STAATSBURG, N.Y. – Making the decision to move an autistic child into a residential treatment center is one of the hardest decisions a parent will make, and one Laura and Ronald Tomlins of Poughkeepsie agonized over.
“I cried on and off for six months – but we knew it was time,” Laurie told press members at Anderson Center for Autism’s recent Media Day, coinciding with Autism Awareness Month (April).
Only those who have actually experienced it can understand the journey a family goes through. Laurie said it was “completely exhausting” trying to raise the couple’s son, Ronnie.
From the challenges of completing simple tasks like cutting nails to the intense fear around the possibility of elopement (a common concern for children on the spectrum), Laurie and Ronald knew that their son needed full-time care as an adult, and that residential placement was not an ‘if’ but ‘when’ scenario.
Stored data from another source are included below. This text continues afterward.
lemma pd_Yeq_5:
  assumes "homog_form 4 d F"
  shows "pd (Yeq F t) 5 x = x 0 * x 3 - x 1 * x 2 + 2 * t * x 0 * x 5"
proof (rule pd_eqI)
  fix z
  have "F (x(5 := z)) = F x" by (rule homog_form_cong[OF assms]) auto
  then show "Yeq F t (x(5 := z)) = x 4 ^ 3 - F x + z * (x 0 * x 3 - x 1 * x 2) + t * x 0 * z ^ 2"
    by (simp add: Yeq_def)
qed (auto intro!: derivative_eq_intros simp: algebra_simps)

text \<open>On a line through the vertex inside the hyperplane x0 = 0 the equation of Y is affine in
  x5 with slope - x1 x2, so such a line is not contained in Y when x1 x2 \<noteq> 0.\<close>
lemma vertex_not_eckardt:
  assumes homF: "homog_form 4 3 F" and vertex: "\<And>i. i < 5 \<Longrightarrow> p i = 0" and "p 5 \<noteq> 0"
  shows "\<not> eckardt (Yeq F t) p"
proof
  assume eck: "eckardt (Yeq F t) p"
  have p: "p 0 = 0" "p 1 = 0" "p 2 = 0" "p 3 = 0" "p 4 = 0" using vertex by auto
  have pd12: "pd (Yeq F t) i p = 0" if "i = 1 \<or> i = 2" for i
  proof (rule pd_eqI)
    fix z
    have "F (p(i := z)) = F (\<lambda>n. z * unit_pt i n)"
      by (rule homog_form_cong[OF homF]) (use vertex that in \<open>auto simp: unit_pt_def\<close>)
    also have "\<dots> = z ^ 3 * F (unit_pt i)" by (rule homog_form_scale[OF homF])
    finally show "Yeq F t (p(i := z)) = - (z ^ 3 * F (unit_pt i))"
      using p that by (auto simp: Yeq_def)
    show "((\<lambda>z. - (z ^ 3 * F (unit_pt i))) has_field_derivative 0) (at (p i))"
      using p that by (auto intro!: derivative_eq_intros)
  qed
  define e where "e = (\<lambda>i::nat. if i = 1 \<or> i = 2 then (1::complex) else 0)"
  define q where "q = e(5 := - F e)"
  have Fq: "F q = F e" "F (\<lambda>i. 1 * p i + 1 * q i) = F e"
    by (rule homog_form_cong[OF homF]; use vertex in \<open>auto simp: q_def\<close>)+
  have "Yeq F t q = 0" using Fq by (simp add: Yeq_def q_def e_def)
  moreover have "(\<Sum>i\<le>5. pd (Yeq F t) i p * q i) = 0"
    using pd12 by (simp add: sum_atMost_5 pd_Yeq_5[OF homF] p q_def e_def)
  ultimately have "Yeq F t (\<lambda>i. 1 * p i + 1 * q i) = 0"
    using eck unfolding eckardt_def by blast
  moreover have "Yeq F t (\<lambda>i. 1 * p i + 1 * q i) = - p 5"
    using Fq p by (simp add: Yeq_def q_def e_def)
  ultimately show False using \<open>p 5 \<noteq> 0\<close> by simp
qed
“The most difficult part is realizing that they might be better off with full-time treatment, 24-hour support,” Colleen Contreni, Admissions Administrator at Anderson Center, told Daily Voice. “There’s a continuity.”
Contreni said that it’s often around the age of puberty that parents are faced with the difficult decision. “It’s often around puberty that they realize they may be better off,” Contreni said. “Puberty, sexuality… they need a professional to deal with that.
“Then on the opposite end, the parent has done everything so far, and now (after the child is in a residential center) they’re not doing it,” she added. “There can be a sense of ‘who am I outside of this.’ It was all about them (the child). Now – what is ‘my’ identity. Now you can work on your marriage, work on your other son or daughter.”
Contreni said when an autistic child has siblings who are not on the spectrum, they can feel neglected. “If there are multiple children who are not autistic, the other siblings can feel neglected, so now you can do things with the family you may not have been able to do before.”
Getting information from professionals is key, according to Contreni. “It’s such an emotional decision,” she said. “We try to help simplify it. Give as much information as possible. Ultimately it’s going to be about ‘is my kid going to be better off.”
Contreni said that sometime parents have a harder time with the transition than the child.
“We provide ongoing support for the family,” she said. “And there’s lots of parent-to-parent support.”